Am I doing something wrong? Is there a possible solution to get both the code optimized and numerically stable? Any suggestion or criticism will be appreciated.

preguntado el 09 de enero de 11 a las 09:01

Quick comment before looking at this, your formula has xj-vi and xj-vk, but your banal algorithm uses D[i][j] and D[i][k] instead. Am I missing something or should the second be D[j][k]? -

You are correct, they are different but it does not influence the result. I will use a different formula to be more precise, thank you for pointing it out -

Not trying to be annoying, just trying to get make sure I understand; but along the previous comment's line. - The above formula is squaring the sums; the banal code does not seem to be doing so; the optimized code seems to square the denominator not the numerator. The optimized code is using V[j][k] instead of V[i][k]. I'm guessing c in your formula represents the size of V; might also be good to range from k=0 instead of k=1 just for clarity. What is B and B.length and why are you using +=? -

Numerical differences? do you have example values? Reordering floating point operations almost always causes "small" differences. -

I'm seeing the same things that aepryus is seing, but ultimately your question is about the math, not about the algorithm. My first thought is that your running up against the ISO Decimal Math problem. Check it with java.util.BigDecimal -- it'll kill your performance but you should see numeric stability -- and if it does you're going to have to start weighing tradeoffs. -

1 Respuestas

This problem has nothing to do with floating point stability.

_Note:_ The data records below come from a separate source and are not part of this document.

(* Let $G$ be a simple, undirected, connected graph on $N>2$ vertices with edge set $E$ and degree sequence $d_1\le d_2\le\cdots\le d_N$. Then $$R^+(G)\ge 2N(N-1)-\frac{4|E|}{1+d_1}.$$
   Context: For vertices $i,j$ of $G$, $R_{ij}$ denotes the effective resistance between $i$ and $j$ when every edge of $G$ is a unit resistor. The additive degree-Kirchhoff index is $R^+(G)=\sum_{i<j}(d_i+d_j)R_{ij}$, where $d_i$ is the degree of vertex $i$. *)

theory Defs
  imports Complex_Main
begin

definition simple_graph :: "'a set \<Rightarrow> ('a \<Rightarrow> 'a \<Rightarrow> bool) \<Rightarrow> bool" where
  "simple_graph V E \<longleftrightarrow> finite V \<and> (\<forall>u v. E u v \<longrightarrow> u \<in> V \<and> v \<in> V)
     \<and> (\<forall>u v. E u v \<longrightarrow> E v u) \<and> (\<forall>u. \<not> E u u)"

definition connected_graph :: "'a set \<Rightarrow> ('a \<Rightarrow> 'a \<Rightarrow> bool) \<Rightarrow> bool" where
  "connected_graph V E \<longleftrightarrow> (\<forall>u\<in>V. \<forall>v\<in>V. (u, v) \<in> {(a, b). E a b}\<^sup>*)"

definition degree :: "'a set \<Rightarrow> ('a \<Rightarrow> 'a \<Rightarrow> bool) \<Rightarrow> 'a \<Rightarrow> nat" where
  "degree V E v = card {u \<in> V. E v u}"

definition edge_set :: "'a set \<Rightarrow> ('a \<Rightarrow> 'a \<Rightarrow> bool) \<Rightarrow> 'a set set" where
  "edge_set V E = {{u, v} | u v. u \<in> V \<and> v \<in> V \<and> E u v}"

text \<open>Effective resistance between i and j with unit resistors on every edge:
  inject a unit current at i, extract it at j; a potential x satisfies Kirchhoff's
  current law at every vertex (Ohm's law with unit conductances), and R i j is the
  resulting potential difference x i - x j (well defined for connected graphs).\<close>
definition eff_resistance :: "'a set \<Rightarrow> ('a \<Rightarrow> 'a \<Rightarrow> bool) \<Rightarrow> 'a \<Rightarrow> 'a \<Rightarrow> real" where
  "eff_resistance V E i j = (THE r. \<exists>x :: 'a \<Rightarrow> real.
      (\<forall>v\<in>V. (\<Sum>u\<in>{u \<in> V. E v u}. x v - x u) =
               (if v = i \<and> v \<noteq> j then 1 else if v = j \<and> v \<noteq> i then -1 else 0))
      \<and> r = x i - x j)"
(* Assume (F1)–(F3) and let $f_0\in C^1([0,1])$ be non-increasing with $f_0(w)\le f(w)$ for $0\le w\le1$, $f_0(0)>1$, $f_0(1)=0$, and such that $1-w=f_0(w)$ has exactly one solution in $(0,1)$. Let $c^{(0)}$ be the unique value of $c$ for which the non-delayed problem $w''+cw'+w(1-w-f_0(w))=0$, $w(-\infty)=1$, $w(+\infty)=0$ has a solution. If, for some $\tau\ge0$ and some $c>0$, problem (P) has a monotonically decreasing solution, then $c\le c^{(0)}$.
   Context: $f:\mathbb R\to\mathbb R$ is $C^4$ with bounded derivatives and satisfies: (F1) $f(w)>0$ for $0\le w<1$, $f(1)=0$, $f'(1)>-1$; (F2) $f(0)>1$, $f'(0)>0$, and $f(w)>1$ for $0\le w<w_*$ for some $w_*\in(0,1)$; (F3) the equation $f(w)=1-w$ has exactly one solution $w_0$ in $(0,1)$, and $f'(w_0)<-1$. Problem (P) for given $\tau\ge0$, $c\in\mathbb R$: find $w\in C^2(\mathbb R)$ with $w''(x)+cw'(x)+w(x)\big(1-w(x)-f(w(x+c\tau))\big)=0$ for all $x$, and $w(-\infty)=1$, $w(+\infty)=0$. *)

theory Defs
  imports "HOL-Analysis.Analysis"
begin

definition C2_real :: "(real \<Rightarrow> real) \<Rightarrow> bool" where
  "C2_real w \<longleftrightarrow> w differentiable_on UNIV \<and> (deriv w) differentiable_on UNIV
     \<and> continuous_on UNIV (deriv (deriv w))"

definition C4_bounded_derivs :: "(real \<Rightarrow> real) \<Rightarrow> bool" where
  "C4_bounded_derivs f \<longleftrightarrow>
     (\<forall>k<4. ((deriv ^^ k) f) differentiable_on UNIV) \<and>
     continuous_on UNIV ((deriv ^^ 4) f) \<and>
     (\<forall>k\<in>{1..4::nat}. bounded (range ((deriv ^^ k) f)))"

definition F1 :: "(real \<Rightarrow> real) \<Rightarrow> bool" where
  "F1 f \<longleftrightarrow> (\<forall>w. 0 \<le> w \<and> w < 1 \<longrightarrow> f w > 0) \<and> f 1 = 0 \<and> deriv f 1 > -1"

definition F2 :: "(real \<Rightarrow> real) \<Rightarrow> bool" where
  "F2 f \<longleftrightarrow> f 0 > 1 \<and> deriv f 0 > 0 \<and>
     (\<exists>ws. 0 < ws \<and> ws < 1 \<and> (\<forall>w. 0 \<le> w \<and> w < ws \<longrightarrow> f w > 1))"

definition F3 :: "(real \<Rightarrow> real) \<Rightarrow> bool" where
  "F3 f \<longleftrightarrow> (\<exists>!w0. 0 < w0 \<and> w0 < 1 \<and> f w0 = 1 - w0) \<and>
     (\<forall>w0. 0 < w0 \<and> w0 < 1 \<and> f w0 = 1 - w0 \<longrightarrow> deriv f w0 < -1)"

definition solves_P :: "(real \<Rightarrow> real) \<Rightarrow> real \<Rightarrow> real \<Rightarrow> (real \<Rightarrow> real) \<Rightarrow> bool" where
  "solves_P f \<tau> c w \<longleftrightarrow> C2_real w \<and>
     (\<forall>x. deriv (deriv w) x + c * deriv w x + w x * (1 - w x - f (w (x + c * \<tau>))) = 0) \<and>
     (w \<longlongrightarrow> 1) at_bot \<and> (w \<longlongrightarrow> 0) at_top"

text \<open>w solves the non-delayed problem with nonlinearity f0 (defined on [0,1]) and speed c;
  since f0 is only given on [0,1], solutions are required to take values in [0,1].\<close>
definition solves_nondelayed :: "(real \<Rightarrow> real) \<Rightarrow> real \<Rightarrow> (real \<Rightarrow> real) \<Rightarrow> bool" where
  "solves_nondelayed f0 c w \<longleftrightarrow> C2_real w \<and> (\<forall>x. 0 \<le> w x \<and> w x \<le> 1) \<and>
     (\<forall>x. deriv (deriv w) x + c * deriv w x + w x * (1 - w x - f0 (w x)) = 0) \<and>
     (w \<longlongrightarrow> 1) at_bot \<and> (w \<longlongrightarrow> 0) at_top"

definition C1_on_unit :: "(real \<Rightarrow> real) \<Rightarrow> bool" where
  "C1_on_unit f0 \<longleftrightarrow> (\<exists>f0'. (\<forall>x\<in>{0..1}. (f0 has_real_derivative f0' x) (at x within {0..1}))
      \<and> continuous_on {0..1} f0')"

end

theory Submission
  imports Defs
begin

You are getting wrong denominator values on the second and following iterations because you forget to clear its cell before accumulating the sum.

The right denominator for iteration 1 is 6.697905e-27, that is almost 2.0796E-26 - 1.4098E-26.

Respondido el 09 de enero de 11 a las 21:01

I feel so dumb and stupid now. I should have arrived at your conclusion. I thank you for spending your time on my stupidity's work - rano

No es la respuesta que estás buscando? Examinar otras preguntas etiquetadas or haz tu propia pregunta.